We’re going to need a sequel.
The Liberal party’s successors, the Liberal Democrats, got absolutely thrashed in Britain’s general election on Thursday. They’re on course to lose more seats than pretty much any pollsters or analysts had suggested, and may be left with fewer seats than an at any time since the party was founded.
Forecasts suggested the Lib Dems might lose half of their 57 MPs — but the results suggest they could even go down to fewer than ten. Lib Dem leader Nick Clegg has survived, but he now leads a party that is a shell of its former self. In one seat, Castle Point, the candidate got 0.2% of the votes, the worst for a Liberal in any constituency for 150 years.
What’s left of the party is a mess, with most of its leadership swept away in the bloodbath. Three of the five Lib Dem cabinet ministers — Vince Cable, Ed Davey and Danny Alexander, were all defeated, along with many other ministers.
One obvious leadership candidate, Tim Farron, held on to his seat with a solid majority. But the prospect of leading a party that can now fit into a minibus is probably not as inviting as it previously was. Other possible contenders are Norman Lamb, the MP for North Norfolk, and Alistair Carmichael, Scotland’s only remaining Lib Dem MP.
The Lib Dems already saw a similarly awful result in the European elections last year, when the party lost 10 of its 11 members of the European parliament.

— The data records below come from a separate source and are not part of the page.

lemma
  fixes C :: "'a::{real_inner,complete_space} set"
  assumes "closed C" "convex C" "C \<noteq> {}"
  shows proj_in: "proj C x \<in> C"
    and proj_le_dist: "y \<in> C \<Longrightarrow> dist x (proj C x) \<le> dist x y"
proof -
  have "\<exists>p. p \<in> C \<and> (\<forall>y\<in>C. dist x p \<le> dist x y)"
    using proj_exists[OF assms] by blast
  then have "proj C x \<in> C \<and> (\<forall>y\<in>C. dist x (proj C x) \<le> dist x y)"
    unfolding proj_def by (rule someI_ex)
  then show "proj C x \<in> C" and "y \<in> C \<Longrightarrow> dist x (proj C x) \<le> dist x y"
    by auto
qed

lemma proj_inner_le:
  fixes C :: "'a::{real_inner,complete_space} set"
  assumes "closed C" "convex C" "y \<in> C"
  shows "inner (x - proj C x) (y - proj C x) \<le> 0"
proof -
  have "C \<noteq> {}" using \<open>y \<in> C\<close> by blast
  then have "proj C x \<in> C" "\<forall>z\<in>C. dist x (proj C x) \<le> dist x z"
    using assms by (simp_all add: proj_in proj_le_dist)
  from any_closest_point_dot[OF \<open>convex C\<close> \<open>closed C\<close> this(1) \<open>y \<in> C\<close> this(2)]
  show ?thesis .
qed

lemma proj_eqI:
  fixes C :: "'a::{real_inner,complete_space} set"
  assumes "closed C" "convex C" "p \<in> C"
    and vi: "\<And>y. y \<in> C \<Longrightarrow> inner (x - p) (y - p) \<le> 0"
  shows "proj C x = p"
proof -
  define q where "q = proj C x"
  have "q \<in> C" unfolding q_def using assms by (intro proj_in) auto
  have "inner (p - q) (p - q) = inner (x - q) (p - q) + inner (x - p) (q - p)"
    by (simp add: inner_commute algebra_simps)
  also have "\<dots> \<le> 0"
    using proj_inner_le[OF \<open>closed C\<close> \<open>convex C\<close> \<open>p \<in> C\<close>, of x] vi[OF \<open>q \<in> C\<close>]
    by (simp add: q_def)
  finally have "p - q = 0"
    by (metis inner_gt_zero_iff not_le)
  then show ?thesis
    by (simp add: q_def)
qed

lemma proj_affine_orthogonal:
  fixes C :: "'a::{real_inner,complete_space} set"
  assumes "affine C" "closed C" "a1 \<in> C" "a2 \<in> C"
  shows "inner (x - proj C x) (a1 - a2) = 0"
proof -
  have "convex C" using \<open>affine C\<close> by (rule affine_imp_convex)
  define p where "p = proj C x"
  have "p \<in> C" unfolding p_def using assms \<open>convex C\<close> by (intro proj_in) auto
  have orth: "inner (x - p) (a - p) = 0" if "a \<in> C" for a
  proof -
    have "u *\<^sub>R a + v *\<^sub>R p \<in> C" if "u + v = 1" for u v
      using \<open>affine C\<close> \<open>p \<in> C\<close> \<open>a \<in> C\<close> that unfolding affine_def by blast
    from this[of "-1" 2] have "2 *\<^sub>R p - a \<in> C" by simp
    then have "inner (x - p) ((2 *\<^sub>R p - a) - p) \<le> 0"
      unfolding p_def using assms \<open>convex C\<close> by (intro proj_inner_le) auto
    moreover have "(2 *\<^sub>R p - a) - p = - (a - p)"
      by (simp add: algebra_simps scaleR_2)
    moreover have "inner (x - p) (a - p) \<le> 0"
      unfolding p_def using assms \<open>convex C\<close> that by (intro proj_inner_le) auto
    ultimately show ?thesis
      by (simp only: inner_minus_right)
  qed
  have "inner (x - p) (a1 - a2) = inner (x - p) (a1 - p) - inner (x - p) (a2 - p)"
    by (simp add: inner_diff_right)
  then show ?thesis
    using orth[OF \<open>a1 \<in> C\<close>] orth[OF \<open>a2 \<in> C\<close>] by (simp add: p_def)
qed

lemma proj_affine_pythagoras:
  fixes C :: "'a::{real_inner,complete_space} set"
  assumes "affine C" "closed C" "e \<in> C"
  shows "(norm (z - e))\<^sup>2 = (norm (z - proj C z))\<^sup>2 + (norm (proj C z - e))\<^sup>2"
proof -
  have "C \<noteq> {}" using \<open>e \<in> C\<close> by blast
  then have "proj C z \<in> C"
    using assms affine_imp_convex by (intro proj_in) auto
  then have "inner (z - proj C z) (proj C z - e) = 0"
    using assms by (intro proj_affine_orthogonal)
  then show ?thesis
    unfolding power2_norm_eq_inner
    by (simp add: inner_commute algebra_simps)
qed

lemma proj_zero_inner_le:
  fixes C :: "'a::{real_inner,complete_space} set"
  assumes "closed C" "convex C" "y \<in> C"
  shows "inner (proj C 0) (proj C 0) \<le> inner (proj C 0) y"
  using proj_inner_le[OF assms, of 0] by (simp add: inner_diff_right)


section \<open>Weak convergence in Hilbert space\<close>

lemma weakly_converges_in_closed_convex:
  fixes C :: "'a::{real_inner,complete_space} set"
  assumes "closed C" "convex C" "\<And>n. u n \<in> C" "weakly_converges u w"
  shows "w \<in> C"
proof -
  define p where "p = proj C w"
  have "C \<noteq> {}" using \<open>\<And>n. u n \<in> C\<close> by blast
  have "(\<lambda>n. inner (u n) (w - p) - inner p (w - p)) \<longlonglongrightarrow> inner w (w - p) - inner p (w - p)"
    using \<open>weakly_converges u w\<close> unfolding weakly_converges_def by (intro tendsto_diff) auto
  then have "(\<lambda>n. inner (u n - p) (w - p)) \<longlonglongrightarrow> inner (w - p) (w - p)"
    by (simp add: inner_diff_left)
  moreover have "inner (u n - p) (w - p) \<le> 0" for n
    using proj_inner_le[OF \<open>closed C\<close> \<open>convex C\<close> \<open>u n \<in> C\<close>, of w]
    by (simp add: p_def inner_commute)
  ultimately have "inner (w - p) (w - p) \<le> 0"
    by (intro LIMSEQ_le_const2) auto
  then have "w = p"
    by (metis inner_gt_zero_iff not_le right_minus_eq)
  moreover have "p \<in> C"
    unfolding p_def using \<open>closed C\<close> \<open>convex C\<close> \<open>C \<noteq> {}\<close> by (rule proj_in)
  ultimately show ?thesis
    by simp
qed

lemma weakly_converges_add_tendsto:
  assumes "weakly_converges u w" "v \<longlonglongrightarrow> c"
  shows "weakly_converges (\<lambda>n. u n + v n) (w + c)"
  unfolding weakly_converges_def
proof
  fix y
  have "(\<lambda>n. inner (v n) y) \<longlonglongrightarrow> inner c y"
    using assms(2) by (intro tendsto_inner tendsto_const)
  then have "(\<lambda>n. inner (u n) y + inner (v n) y) \<longlonglongrightarrow> inner w y + inner c y"
    using assms(1) unfolding weakly_converges_def by (intro tendsto_add) auto
  then show "(\<lambda>n. inner (u n + v n) y) \<longlonglongrightarrow> inner (w + c) y"
    by (simp add: inner_add_left)
qed

lemma subspace_closure:
  fixes S :: "'a::real_normed_vector set"
  assumes "subspace S"
  shows "subspace (closure S)"
  unfolding subspace_def
proof (intro conjI ballI allI)
  show "0 \<in> closure S"
    using assms closure_subset subspace_0 by blast
next
  fix x y assume "x \<in> closure S" "y \<in> closure S"
  then obtain u v where "\<And>n. u n \<in> S" "u \<longlonglongrightarrow> x" "\<And>n. v n \<in> S" "v \<longlonglongrightarrow> y"
    unfolding closure_sequential by blast
  then show "x + y \<in> closure S"
    unfolding closure_sequential using subspace_add[OF assms]
    by (intro exI[of _ "\<lambda>n. u n + v n"]) (auto intro: tendsto_add)
next
  fix c :: real and x assume "x \<in> closure S"
  then obtain u where "\<And>n. u n \<in> S" "u \<longlonglongrightarrow> x"
    unfolding closure_sequential by blast
  then show "c *\<^sub>R x \<in> closure S"
    unfolding closure_sequential using subspace_scale[OF assms]
    by (intro exI[of _ "\<lambda>n. c *\<^sub>R u n"]) (auto intro: tendsto_scaleR)
qed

This isn’t a minor setback. The Lib Dems have won seats in the past by building up local government bases over years and decades — then using that local knowledge and recognition to campaign for parliament. After five years of constant, repetitive defeat, the party’s council base is depleted, and it might face a period in the wilderness like the decades that the Liberal Party experienced in the mid-20th century.
There’s a pretty obvious international comparison to be made. During her second term in office, Angela Merkel went into coalition with the liberal Free Democratic Party (FDP), which got one of its best election results ever in 2009. By 2013, it was reduced to a husk, getting less than 5% of the vote and no representation in parliament at all.
In fact, Angela Merkel even told David Cameron this five years ago. The German Chancellor reportedly told Cameron that “the little party always gets crushed” in a coalition.